Not surprisingly, this created a bonanza for dealers—whose products, unlike legal drugs, are unregulated and vary widely in dosage and purity. Consequently, as prescribing dropped, overdose deaths more than doubled, reaching a record high of more than 93,000 in 2020.
Yet antiopioid crusaders have dug in their heels, continuing to take the wrong lessons from tobacco’s history. Big Pharma lied about opioid benefits, just as Big Tobacco lied about cigarettes. Therefore, they argued, any positive claims about opioids must be squelched and the medical supply must fall even further.
This approach obscures facts about addiction that are critical to prevention and treatment. For one, most opioid addiction does not start with medical care. Eighty percent of people who begin misusing prescription opioids get them from friends, family or other illegal sources, not physicians—and nearly all those who become addicted have already used other drugs such as cocaine or methamphetamine.
Moreover, addictions typically start in youth, with 90 percent beginning as experimentation in adolescence or early adulthood. Chronic pain, in contrast, tends to arise in middle or late life.
As a result, fewer than 8 percent of people who take opioids long term for pain develop new addictions, according to a review co-authored by the director of the National Institute on Drug Abuse. In fact, the age group prescribed opioids at the highest rate—those older than 65—has the lowest rate of addiction and overdose. (And no, this research was not funded by Big Pharma, even though they used some of it extremely dishonestly.)
It is difficult to stop drug-seeking teens by leaving grandma in agony. Policies aimed at minimizing leftover pills prescribed for acute pain make sense—as does providing secure storage for needed meds. But our current strategy of reducing prescribing for chronic pain has failed.
While care is needed when applying tobacco history to opioid policy, the settlements do offer one clear cautionary lesson: use the money well.
Some $246 billion has already been paid out by cigarette makers—but nearly all of it falls into states’ general funds. In the 2021 fiscal year, for instance, less than 3 percent of the $27 billion allocated goes directly to smoking cessation and prevention.
To do better, we must target opioid funds narrowly and spend them smartly. This means moving away from cutting supply and toward offering help.
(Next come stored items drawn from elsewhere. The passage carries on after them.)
lemma psd_quadratic_form_nonneg: "psd A \<Longrightarrow> 0 \<le> Re (cvadj_mult x (A *v x))"
  by (simp add: psd_def)

lemma psd_zero: "psd (0::complex^'n^'n)"
  by (simp add: psd_def hermitian_def cadj_def vec_eq_iff cvadj_mult_def)

lemma psd_add: "psd A \<Longrightarrow> psd B \<Longrightarrow> psd (A + B)"
  by (simp add: psd_def hermitian_add matrix_vector_mult_add_rdistrib cvadj_mult_add_right)

lemma psd_sum: "(\<And>k. k \<in> S \<Longrightarrow> psd (f k)) \<Longrightarrow> psd (sum f S)"
  by (induction S rule: infinite_finite_induct) (auto simp: psd_zero psd_add)

lemma psd_outer: "psd (outer w)"
  by (simp add: psd_def hermitian_outer cvadj_mult_outer)

lemma psd_cauchy_schwarz:
  assumes W: "psd W" and a_pos: "0 < Re (cvadj_mult h (W *v h))"
  shows "(cmod (cvadj_mult x (W *v h)))\<^sup>2 \<le> Re (cvadj_mult x (W *v x)) * Re (cvadj_mult h (W *v h))"
proof -
  define a where "a = Re (cvadj_mult h (W *v h))"
  define b where "b = Re (cvadj_mult x (W *v x))"
  define c where "c = cvadj_mult x (W *v h)"
  define n where "n = (cmod c)\<^sup>2"
  define t where "t = - cnj c / complex_of_real a"
  have H: "hermitian W" using W by (simp add: psd_def)
  have ha: "cvadj_mult h (W *v h) = complex_of_real a"
    unfolding a_def by (rule hermitian_quadratic_form_real[OF H])
  have hb: "cvadj_mult x (W *v x) = complex_of_real b"
    unfolding b_def by (rule hermitian_quadratic_form_real[OF H])
  have hc: "cvadj_mult h (W *v x) = cnj c"
    unfolding c_def using hermitian_cvadj_mult_swap[OF H, of h x] by simp
  have cc: "cnj c * c = complex_of_real n"
    unfolding n_def by (metis complex_norm_square mult.commute of_real_power)
  have a0: "a > 0" using a_pos by (simp add: a_def)
  \<comment> \<open>evaluate the form at \<open>x + t h\<close>, with \<open>t\<close> minimising it\<close>
  have "0 \<le> Re (cvadj_mult (x + t *s h) (W *v (x + t *s h)))"
    using W by (simp add: psd_def)
  also have "cvadj_mult (x + t *s h) (W *v (x + t *s h))
      = complex_of_real b + t * c + cnj t * cnj c + cnj t * t * complex_of_real a"
    by (simp add: matrix_vector_right_distrib matrix_vector_mult_scale_right cvadj_mult_add_right
        cvadj_mult_add_left cvadj_mult_scale_right cvadj_mult_scale_left ha hb hc
        c_def[symmetric] algebra_simps)
  also have "t * c = complex_of_real (- n / a)"
    unfolding t_def using cc by (simp add: mult.commute)
  also have "cnj t * cnj c = complex_of_real (- n / a)"
    unfolding t_def using cc by (simp add: mult.commute)
  also have "cnj t * t * complex_of_real a = complex_of_real (n / a)"
    unfolding t_def using cc a0 by (simp add: field_simps power2_eq_square)
  finally have "0 \<le> b - n / a" by simp
  then show ?thesis using a0 by (simp add: n_def c_def b_def a_def field_simps)
qed

definition sdr_beam :: "complex^'m^'m \<Rightarrow> complex^'m \<Rightarrow> complex^'m" where
  "sdr_beam W h = complex_of_real (1 / sqrt (Re (cvadj_mult h (W *v h)))) *s (W *v h)"

lemma cvadj_mult_sdr_beam:
  assumes W: "psd W" and a_pos: "0 < Re (cvadj_mult h (W *v h))"
  shows "(cmod (cvadj_mult h (sdr_beam W h)))\<^sup>2 = Re (cvadj_mult h (W *v h))"
proof -
  define a where "a = Re (cvadj_mult h (W *v h))"
  have "cvadj_mult h (W *v h) = complex_of_real a"
    unfolding a_def by (rule hermitian_quadratic_form_real) (use W psd_def in auto)
  then have "cvadj_mult h (sdr_beam W h) = complex_of_real (a / sqrt a)"
    by (simp add: sdr_beam_def cvadj_mult_scale_right a_def)
  moreover have "(a / sqrt a)\<^sup>2 = a"
    using a_pos by (simp add: a_def power_divide power2_eq_square)
  ultimately show ?thesis
    unfolding a_def[symmetric] by (simp only: norm_of_real power2_abs)
qed

lemma psd_diff_outer_sdr_beam:
  assumes W: "psd W" and a_pos: "0 < Re (cvadj_mult h (W *v h))"
  shows "psd (W - outer (sdr_beam W h))"
proof -
  define a where "a = Re (cvadj_mult h (W *v h))"
  have "(cmod (cvadj_mult x (sdr_beam W h)))\<^sup>2 \<le> Re (cvadj_mult x (W *v x))" for x
  proof -
    have "cmod (cvadj_mult x (sdr_beam W h)) = cmod (cvadj_mult x (W *v h)) / sqrt a"
      using a_pos by (simp add: sdr_beam_def cvadj_mult_scale_right norm_mult norm_divide a_def)
    then have "(cmod (cvadj_mult x (sdr_beam W h)))\<^sup>2 = (cmod (cvadj_mult x (W *v h)))\<^sup>2 / a"
      using a_pos by (simp add: power_divide a_def)
    also have "\<dots> \<le> Re (cvadj_mult x (W *v x))"
      using psd_cauchy_schwarz[OF W a_pos, of x] a_pos by (simp add: divide_le_eq a_def)
    finally show ?thesis .
  qed
  moreover have "hermitian (W - outer (sdr_beam W h))"
    using W by (simp add: psd_def hermitian_diff hermitian_outer)
  ultimately show ?thesis
    by (simp add: psd_def matrix_vector_mult_diff_rdistrib cvadj_mult_diff_right cvadj_mult_outer)
qed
First, doctors must be allowed to continue prescribing for patients who already take opioids—without fear that doing so responsibly will cost them their license or their freedom. The millions of “legacy patients”—and future patients who have exhausted other options—need a legal safe haven so that they are not killed by dose reductions intended to save them.
Second, people with addiction need better care: arrest or expulsion from medical practices because of suspicion of misuse is not treatment. When physicians diagnose opioid addiction, they should legally be able to prescribe methadone or buprenorphine on the spot rather than having to send patients to restrictive clinics. In addition, no rehab that fails to offer medications or disparages them should receive government or insurance funding.
In short, we need to spend settlement funds on proved, effective care—and stop prioritizing
prescription monitoring and enforcement. Despite their dangers, there is currently no substitute for these drugs. While a world without smoking is desirable, one without opioids is a world of pain.
This is an opinion and analysis article, and the views expressed by the author or authors are not necessarily those of Scientific American.